Input material:
(* Let $u=s_{i_1}\cdots s_{i_l}$ and $v=s_{j_1}\cdots s_{j_m}$ be reduced words for glides in $\hat S_n$ with offsets $k_1,k_2$, with $vu$ reduced, and let $\tilde v=\rho^{-k_2}(v)$ (with reduced word $s_{j_1-k_2}\cdots s_{j_m-k_2}$). Let $\Gamma$ be the (lifted, wire-labelled) wiring diagram of the bi-infinite word $\cdots\rho^{2k_1}(u)\rho^{k_1}(u)\,u\,\rho^{-k_1}(u)\cdots$, in which the $j$-th crossing of the copy $\rho^{-ik_1}(u)$ is called vertex $(j,i)$, and let $\Gamma'$ be the diagram obtained after $m\ge0$ steps of the time evolution, in which the $j$-th crossing of the $i$-th copy of a rotation of $u$ is again called vertex $(j,i)$. Then for every $i\in\mathbb Z$ there is an isomorphism of the (unweighted) cylindric wiring diagrams $\Gamma\to\Gamma'$ sending vertex $(j,i_0)$ to vertex $(j,i_0+i)$ for all $j,i_0$, and if a chamber of $\Gamma$ has label $\mathbf s$ then the corresponding chamber of $\Gamma'$ has label $$\mathbf s'=\mathbf s+i\,t(u)-m\,t(\tilde v)$$ (as elements of $\mathbb Z^n/\mathbb Z(1,\dots,1)$).
   Context: $\hat S_n$: generators $s_0,\dots,s_{n-1}$ (indices mod $n$), relations $s_i^2=1$, $s_is_js_i=s_js_is_j$ if $i-j\equiv\pm1$, $s_is_j=s_js_i$ if $i-j\not\equiv0,\pm1$. $\rho$ is the automorphism $s_i\mapsto s_{i+1}$; $\phi:\hat S_n\to S_n$, $s_i\mapsto(i\ i+1)$, $s_0\mapsto(1\ n)$; a glide of offset $k\in\{0,\dots,n-1\}$ is $g$ with $\phi(g)(j)\equiv j+k\pmod n$; for glides $u,v$ of offsets $k_1,k_2$, $vu=\rho^{k_2}(u)\rho^{-k_1}(v)$. Wiring diagrams: a word is drawn left to right on a cylinder with wires in positions $1,\dots,n$ (mod $n$), $s_i$ crossing positions $i,i+1$. Universal cover: positions become integers (position $p$ lying over $p \bmod n$), each crossing $s_i$ lifting to crossings of positions $p,p+1$ for all $p\equiv i$; lifted wires are labelled by integers according to their positions at a fixed vertical line, and these labels are carried along unchanged by braid and commutation moves. A chamber is a connected region of the complement of the lifted wires; if $S\subseteq\mathbb Z$ is the set of labels of wires passing below it, its label is $[S]=(\mathbf s_1,\dots,\mathbf s_n)$ with $\mathbf s_i=\lceil \max\{b\in S:b\equiv i\bmod n\}/n\rceil$. Trajectory: for a glide $g$ with a reduced word, draw the diagram of the word with lifted wires labelled by their starting positions (left end); $t(g)$ is the label of the chamber directly above the wire labelled $1$ at the right end minus the label of the chamber directly above wire $1$ at the left end, an element of $\mathbb Z^n/\mathbb Z(1,\dots,1)$. Time evolution: starting from $\Gamma$, one time step inserts a rotation $\rho^{Ik_1}(v)$ immediately to the left of the copy $\rho^{Ik_1}(u)$ far to the left and pushes it to the right through all copies using $\rho^{ik_1}(v)\rho^{ik_1}(u)=\rho^{ik_1+k_2}(u)\rho^{(i-1)k_1}(v)$ (realized by braid and commutation moves); the result is the bi-infinite word in which the $i$-th copy is $\rho^{-ik_1+k_2}(u)$. After $m$ steps the $i$-th copy is $\rho^{-ik_1+mk_2}(u)$. *)

theory Defs
  imports Complex_Main
begin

Your goal: Repeat the material in full, exactly as it stands.

Result of this exercise:
(* Let $u=s_{i_1}\cdots s_{i_l}$ and $v=s_{j_1}\cdots s_{j_m}$ be reduced words for glides in $\hat S_n$ with offsets $k_1,k_2$, with $vu$ reduced, and let $\tilde v=\rho^{-k_2}(v)$ (with reduced word $s_{j_1-k_2}\cdots s_{j_m-k_2}$). Let $\Gamma$ be the (lifted, wire-labelled) wiring diagram of the bi-infinite word $\cdots\rho^{2k_1}(u)\rho^{k_1}(u)\,u\,\rho^{-k_1}(u)\cdots$, in which the $j$-th crossing of the copy $\rho^{-ik_1}(u)$ is called vertex $(j,i)$, and let $\Gamma'$ be the diagram obtained after $m\ge0$ steps of the time evolution, in which the $j$-th crossing of the $i$-th copy of a rotation of $u$ is again called vertex $(j,i)$. Then for every $i\in\mathbb Z$ there is an isomorphism of the (unweighted) cylindric wiring diagrams $\Gamma\to\Gamma'$ sending vertex $(j,i_0)$ to vertex $(j,i_0+i)$ for all $j,i_0$, and if a chamber of $\Gamma$ has label $\mathbf s$ then the corresponding chamber of $\Gamma'$ has label $$\mathbf s'=\mathbf s+i\,t(u)-m\,t(\tilde v)$$ (as elements of $\mathbb Z^n/\mathbb Z(1,\dots,1)$).
   Context: $\hat S_n$: generators $s_0,\dots,s_{n-1}$ (indices mod $n$), relations $s_i^2=1$, $s_is_js_i=s_js_is_j$ if $i-j\equiv\pm1$, $s_is_j=s_js_i$ if $i-j\not\equiv0,\pm1$. $\rho$ is the automorphism $s_i\mapsto s_{i+1}$; $\phi:\hat S_n\to S_n$, $s_i\mapsto(i\ i+1)$, $s_0\mapsto(1\ n)$; a glide of offset $k\in\{0,\dots,n-1\}$ is $g$ with $\phi(g)(j)\equiv j+k\pmod n$; for glides $u,v$ of offsets $k_1,k_2$, $vu=\rho^{k_2}(u)\rho^{-k_1}(v)$. Wiring diagrams: a word is drawn left to right on a cylinder with wires in positions $1,\dots,n$ (mod $n$), $s_i$ crossing positions $i,i+1$. Universal cover: positions become integers (position $p$ lying over $p \bmod n$), each crossing $s_i$ lifting to crossings of positions $p,p+1$ for all $p\equiv i$; lifted wires are labelled by integers according to their positions at a fixed vertical line, and these labels are carried along unchanged by braid and commutation moves. A chamber is a connected region of the complement of the lifted wires; if $S\subseteq\mathbb Z$ is the set of labels of wires passing below it, its label is $[S]=(\mathbf s_1,\dots,\mathbf s_n)$ with $\mathbf s_i=\lceil \max\{b\in S:b\equiv i\bmod n\}/n\rceil$. Trajectory: for a glide $g$ with a reduced word, draw the diagram of the word with lifted wires labelled by their starting positions (left end); $t(g)$ is the label of the chamber directly above the wire labelled $1$ at the right end minus the label of the chamber directly above wire $1$ at the left end, an element of $\mathbb Z^n/\mathbb Z(1,\dots,1)$. Time evolution: starting from $\Gamma$, one time step inserts a rotation $\rho^{Ik_1}(v)$ immediately to the left of the copy $\rho^{Ik_1}(u)$ far to the left and pushes it to the right through all copies using $\rho^{ik_1}(v)\rho^{ik_1}(u)=\rho^{ik_1+k_2}(u)\rho^{(i-1)k_1}(v)$ (realized by braid and commutation moves); the result is the bi-infinite word in which the $i$-th copy is $\rho^{-ik_1+k_2}(u)$. After $m$ steps the $i$-th copy is $\rho^{-ik_1+mk_2}(u)$. *)

theory Defs
  imports Complex_Main
begin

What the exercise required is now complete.